Does a stiff spring undergo slower or faster damping than a less stiff spring of the same legth?

i think the stiff one would undergo a faster damping because it tends not to move even though there's a mass attached to it, doesn't it?
Also, i think we are supposed to relate energy when we are answering the question.

i will appreciate any help i can get.

what is meant by damping in this context? I'm thinking its related to the energy dissipated (lost) by heat, which just like the friction in a pendulum will eventually cause the system to come to rest.

what is meant by damping in this context? I'm thinking its related to the energy dissipated (lost) by heat, which just like the friction in a pendulum will eventually cause the system to come to rest.
ya. what you said is right. it's like how a pendulum comes to rest. in this case, though, it's not the pendulum, but two springs with different stiffness. Which one will undergo a faster damping? a stiff one or less stiff one?

tuff problem, if air resistance is a factor, I would say its the less stiff spring which will undergo greater displacements and higher vees. I'd be inclined to say as much for the same reason re internal friction and heating, but as it turns out to be a knotty problem with some non frequency dependent mechanisms at play.

tuff problem, if air resistance is a factor, I would say its the less stiff spring which will undergo greater displacements and higher vees. I'd be inclined to say as much for the same reason re internal friction and heating, but as it turns out to be a knotty problem with some non frequency dependent mechanisms at play.

it's true that a less stiff spring will undergo greater displacement. i don't know what 'vees' are, though.
anyway, so which one do you think will undergo faster damping? I think it's the stiff one because it tends to stay at its equilibrium state and does not easily affected by stretching/compressing. It's the same reason as to why a stiff spring is harder to stretch. anyone agrees?

sorry,
vee=velocity;gee or g's=acceleration

I still stand by my previous post.

One reason is that is the way it is done. I want to play around with holograms. I have to make a vibration free table. The way to damp the table enough for an interferometer (1/10th the wavelength of red light vibration tolerance) is put something heavy on a weak spring...ie....box of sand on some partially inflated innertubes.

The small frequency is more important than the small amplitude in this case and stiffer springs have a larger frequency

NotMrX, i don't understand what you are saying.

What does frequency have to do with my question??

NotMrX, i don't understand what you are saying.

What does frequency have to do with my question??
Suppose a spring isn't driven by some other oscillator or vibrator. The it vibrates at its own frequency. That is the frequency that an oscillator can drive it at most effectively.

Frequency is how many times the spring will osscilate per second.
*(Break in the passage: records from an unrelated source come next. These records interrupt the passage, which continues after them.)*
lemma boundary_form_has_derivative:
  assumes "W22_solution S P Q R x x' x''" "t \<in> S"
  shows "(boundary_form P Q x x' has_real_derivative
      vec_join (x' t) (x t) \<bullet> (block_mat (P t) (Q t) (R t) *v vec_join (x' t) (x t)))
    (at t within S)"
proof -
  have "(x has_vector_derivative x' t) (at t within S)"
    and "((\<lambda>s. P s *v x' s + Q s *v x s) has_vector_derivative
            (transpose (Q t) *v x' t + R t *v x t)) (at t within S)"
    using assms unfolding W22_solution_def by auto
  from has_derivative_inner[OF this[unfolded has_vector_derivative_def]]
  have "(boundary_form P Q x x' has_real_derivative
      x' t \<bullet> (P t *v x' t + Q t *v x t) + x t \<bullet> (transpose (Q t) *v x' t + R t *v x t))
    (at t within S)"
    unfolding has_field_derivative_def boundary_form_def
    by (rule has_derivative_eq_rhs) (auto simp: fun_eq_iff algebra_simps inner_commute)
  then show ?thesis
    by (simp only: inner_block_mat_vec_join)
qed

lemma boundary_form_mono:
  assumes "is_interval S" "\<forall>t\<in>S. pos_def (block_mat (P t) (Q t) (R t))"
    and "W22_solution S P Q R x x' x''"
  shows "mono_on S (boundary_form P Q x x')"
  using assms(1) boundary_form_has_derivative[OF assms(3)]
proof (rule mono_on_if_has_real_derivative_nonneg)
  show "0 \<le> vec_join (x' t) (x t) \<bullet> (block_mat (P t) (Q t) (R t) *v vec_join (x' t) (x t))"
    if "t \<in> S" for t
    using assms(2) that by (simp add: pos_def_quadratic_nonneg)
qed

lemma W22_solution_eq_0_if_boundary_form_vanishes:
  assumes "is_interval S" "infinite S" "\<forall>t\<in>S. pos_def (block_mat (P t) (Q t) (R t))"
    and "W22_solution S P Q R x x' x''"
    and "\<forall>s\<in>S. boundary_form P Q x x' s = 0" "t \<in> S"
  shows "x t = 0"
proof -
  have "t islimpt S"
    using assms(1,2,6) by (intro connected_imp_perfect is_interval_connected) auto
  then have "vec_join (x' t) (x t) \<bullet> (block_mat (P t) (Q t) (R t) *v vec_join (x' t) (x t)) = 0"
    using boundary_form_has_derivative[OF assms(4,6)] assms(5,6)
    by (rule has_real_derivative_eq_0_if_vanishing)
  then show ?thesis
    using assms(3,6) pos_def_quadratic_eq_0 vec_join_eq_0_iff by blast
qed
It depends on how stiff the spring is.

To answer you question I typed "spring frequency" into google and got many pages back. here is one:
http://hyperphysics.phy-astr.gsu.edu/hbase/shm2.html
That w symbol I mentioned before was the angular frequency of a spring. I assumed your book already mentioned that to you. Out of curiousity what book are you using?

Maybe I misunderstood. You know springs and frequency are realated but you don't see how the two relate to the question. Here is a simple experiment you can do if you have a few bucks to spare on parts and a little time. Take a small board like a trim for a house. Attach some springs of different strenght to the board on one side and a mass to the other side. hang the board horizontaly so the springs hang down. Give rhytmic tap. Depending on the tempo of your beat (how many beats per minute) different springs are going to vibrate. This means that springs mainly absorb near their natural harmonic frequency w^2= k/m If you want to damp it out then you don't want the spring to absorb so you want the springs natural frequency far away from the driving frequency.

The thing is ideal springs aren't actually dampeners. There has to be either friction or air resistance to absorb the heat.

http://en.wikipedia.org/wiki/Shock_absorbers
wikipedia says:
Spring-based shock absorbers commonly use coil springs or leaf springs, though torsion bars can be used in torsional shocks as well. Ideal springs alone, however, are not shock absorbers as springs only store and do not dissipate or absorb energy. Vehicles typically employ both springs or torsion bars as well as hydraulic shock absorbers. In this combination, "shock absorber" is reserved specifically for the hydraulic piston that absorbs and dissipates vibration.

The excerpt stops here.